◆ **GIVEN INFORMATION**

theorem mainTheorem2:
  fixes l :: nat and Gs :: "nat \<Rightarrow> 'a graph"
  assumes "\<forall>i<l. threshold (Gs i)"
    and "\<forall>i<l. \<forall>j<l. i \<noteq> j \<longrightarrow> verts (Gs i) \<inter> verts (Gs j) = {}"
  shows "q (graph_Union l Gs) \<le> 4"
proof -
  have "\<exists>A\<in>S (graph_Union l Gs). DSpec (verts (graph_Union l Gs)) A \<subseteq> {0, 1, 2, 3}"
  proof (rule graph_Union_realization)
    fix i assume "i < l"
    then have th: "threshold (Gs i)" using assms(1) by blast
    then show "finite (verts (Gs i))" "\<forall>e\<in>edges (Gs i). e \<subseteq> verts (Gs i)"
      by (simp_all add: threshold_finite threshold_edges_subset)
    obtain A mu x where "spectral_witness (Gs i) A mu x"
      using threshold_spectral_witness[OF th] by blast
    then show "\<exists>A\<in>S (Gs i). DSpec (verts (Gs i)) A \<subseteq> {0, 1, 2, 3}"
      unfolding spectral_witness_def by blast
  qed (use assms(2) in blast)
  then obtain A where "A \<in> S (graph_Union l Gs)"
    "DSpec (verts (graph_Union l Gs)) A \<subseteq> {0, 1, 2, 3}"
    by blast
  then have "q (graph_Union l Gs) \<le> card {0, 1, 2, 3 :: real}"
    by (intro q_le_card) simp_all
  then show ?thesis by simp
qed

end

◆ **WORK TO COMPLETE**
Reproduce, word for word, every line starting at the line that contains "i \<noteq> j" and ending with the final line of the entries.

◆ **TASK SOLUTION**
    and "\<forall>i<l. \<forall>j<l. i \<noteq> j \<longrightarrow> verts (Gs i) \<inter> verts (Gs j) = {}"
  shows "q (graph_Union l Gs) \<le> 4"
proof -
  have "\<exists>A\<in>S (graph_Union l Gs). DSpec (verts (graph_Union l Gs)) A \<subseteq> {0, 1, 2, 3}"
  proof (rule graph_Union_realization)
    fix i assume "i < l"
    then have th: "threshold (Gs i)" using assms(1) by blast
    then show "finite (verts (Gs i))" "\<forall>e\<in>edges (Gs i). e \<subseteq> verts (Gs i)"
      by (simp_all add: threshold_finite threshold_edges_subset)
    obtain A mu x where "spectral_witness (Gs i) A mu x"
      using threshold_spectral_witness[OF th] by blast
    then show "\<exists>A\<in>S (Gs i). DSpec (verts (Gs i)) A \<subseteq> {0, 1, 2, 3}"
      unfolding spectral_witness_def by blast
  qed (use assms(2) in blast)
  then obtain A where "A \<in> S (graph_Union l Gs)"
    "DSpec (verts (graph_Union l Gs)) A \<subseteq> {0, 1, 2, 3}"
    by blast
  then have "q (graph_Union l Gs) \<le> card {0, 1, 2, 3 :: real}"
    by (intro q_le_card) simp_all
  then show ?thesis by simp
qed

end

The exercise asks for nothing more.